Now you owe income tax on the full amount. Plus a 10% early withdrawal penalty if you are under 59½. One form. One wrong checkbox. A five-figure mistake that cannot be reversed.
This article exists so that does not happen to you.

Table of Contents
- The TSP Transfer Rules FERS Employees Get Wrong
- Step-by-Step Direct Rollover Process
- Traditional vs. Roth TSP Rollover Tax Consequences
- In-Service Withdrawal Eligibility (Age 59½ Rule)
- The New 2026 Roth In-Plan Conversion Option
- Fees and Costs Federal Employees Face
- Three FERS-Specific Rollover Timing Strategies
- Frequently Asked Questions
A TSP to gold IRA transfer is the process of moving Thrift Savings Plan funds into a self-directed individual retirement account that holds IRS-approved physical precious metals. For FERS employees, this transfer comes with specific rules the TSP does not advertise and HR does not explain. Getting any of them wrong triggers taxes, penalties, or both.
This guide covers the exact restrictions FERS civilian employees face when moving TSP funds to a Gold IRA. It walks through the direct rollover process step by step. It explains the tax consequences of traditional vs. Roth TSP rollovers. And it identifies the three timing mistakes that cost federal employees thousands of dollars every year.
If you are new to the concept of a Gold IRA, start with our complete Gold IRA overview first. For the broader picture of how federal employees navigate precious metals transfers, see our federal employee gold IRA guide.
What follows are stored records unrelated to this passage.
definition trace_profile ::
  "('v \<Rightarrow> 'v \<Rightarrow> bool) \<Rightarrow> int set \<Rightarrow> (int \<Rightarrow> 'v set) \<Rightarrow> nat
     \<Rightarrow> ((nat \<times> (nat \<Rightarrow> nat \<Rightarrow> bool)) \<times> int set) set" where
  "trace_profile E I D \<tau> = (SIGMA (n, J):ordered_trees \<tau>. trace E I D n J)"

lemma trace_profile_mono:
  "disjoint_family_on D I \<Longrightarrow> contraction I D C \<Longrightarrow> trace_profile E I C \<tau> \<subseteq> trace_profile E I D \<tau>"
  unfolding trace_profile_def using trace_contraction_subset by fast

lemma trace_profile_subset:
  assumes "disjoint_family_on D I"
  shows "trace_profile E I D \<tau> \<subseteq> ordered_trees \<tau> \<times> {S. S \<subseteq> I \<and> card S \<le> \<tau>}"
proof
  fix p assume "p \<in> trace_profile E I D \<tau>"
  then obtain n J X where "p = ((n, J), support I D X)" "(n, J) \<in> ordered_trees \<tau>"
    and "rainbow_copy E I D X n J"
    unfolding trace_profile_def trace_def by blast
  then show "p \<in> ordered_trees \<tau> \<times> {S. S \<subseteq> I \<and> card S \<le> \<tau>}"
    using card_support_rainbow_copy[OF assms] unfolding ordered_trees_def support_def by auto
qed

lemma finite_trace_profile:
  assumes "finite I" "disjoint_family_on D I"
  shows "finite (trace_profile E I D \<tau>)"
proof (rule finite_subset[OF trace_profile_subset[OF assms(2)]])
  have "{S. S \<subseteq> I \<and> card S \<le> \<tau>} \<subseteq> Pow I"
    by blast
  then show "finite (ordered_trees \<tau> \<times> {S. S \<subseteq> I \<and> card S \<le> \<tau>})"
    using assms(1) finite_ordered_trees by (auto intro: finite_subset)
qed

lemma card_subsets_card_le:
  assumes "finite I" "I \<noteq> {}"
  shows "card {S. S \<subseteq> I \<and> card S \<le> \<tau>} \<le> (\<tau> + 1) * card I ^ \<tau>"
proof -
  have "{S. S \<subseteq> I \<and> card S \<le> \<tau>} = (\<Union>n\<le>\<tau>. [I]\<^bsup>n\<^esup>)"
    using assms(1) by (auto simp: nsets_def intro: finite_subset)
  then have "card {S. S \<subseteq> I \<and> card S \<le> \<tau>} \<le> (\<Sum>n\<le>\<tau>. card I choose n)"
    using card_UN_le[of "{..\<tau>}" "nsets I"] by simp
  also have "\<dots> \<le> (\<Sum>n\<le>\<tau>. card I ^ \<tau>)"
  proof (rule sum_mono)
    fix n assume "n \<in> {..\<tau>}"
    have "card I choose n \<le> card I ^ n"
      using binomial_fact_pow[of "card I" n] fact_ge_1[where 'a = nat, of n]
      by (metis le_trans mult.right_neutral mult_le_mono2)
    also have "\<dots> \<le> card I ^ \<tau>"
      using assms \<open>n \<in> {..\<tau>}\<close> by (auto intro: power_increasing simp: Suc_le_eq card_gt_0_iff)
    finally show "card I choose n \<le> card I ^ \<tau>" .
  qed
  finally show ?thesis
    by simp
qed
The TSP Transfer Rules FERS Employees Get Wrong
The TSP is a government retirement plan defined under Section 414(d) of the Internal Revenue Code. It is not a 401(k), even though it functions like one. That distinction matters because TSP rollovers follow federal rules that override some standard IRA transfer guidance you find online.
Here is what trips up FERS employees most often.
You Cannot Hold Gold Inside the TSP
The TSP offers five individual funds: C, S, I, F, and G. It also offers Lifecycle (L) funds that blend these five. None of them hold physical assets. The mutual fund window introduced in 2022 charges $55 annually plus $28.75 per trade. It still limits you to 25% of your balance. And it still excludes physical precious metals.
If your goal is physical gold in a retirement account, the only path is transferring those funds into a self-directed IRA with a custodian that supports precious metals.
Here is the hard truth: The TSP cannot hold the one asset class that has survived every currency crisis in recorded history. Five funds. Zero physical assets. That is all the TSP gives you to work with.
Eligibility Depends on Employment Status
Your ability to move TSP money depends on where you stand with federal service.
Separated or retired: Full rollover access. You can move part or all of your TSP balance to a Gold IRA with no employment restrictions.
Active, age 59½ or older: Eligible for age-based in-service withdrawals under the TSP Modernization Act. You can take partial withdrawals as often as every 30 days.
Active, under 59½: Limited to financial hardship withdrawals, which are not eligible for rollover. You must wait until separation or age 59½.
Direct vs. Indirect Rollovers Are Not the Same
This is the single most expensive mistake federal employees make. The TSP offers two rollover paths. Only one avoids immediate taxation.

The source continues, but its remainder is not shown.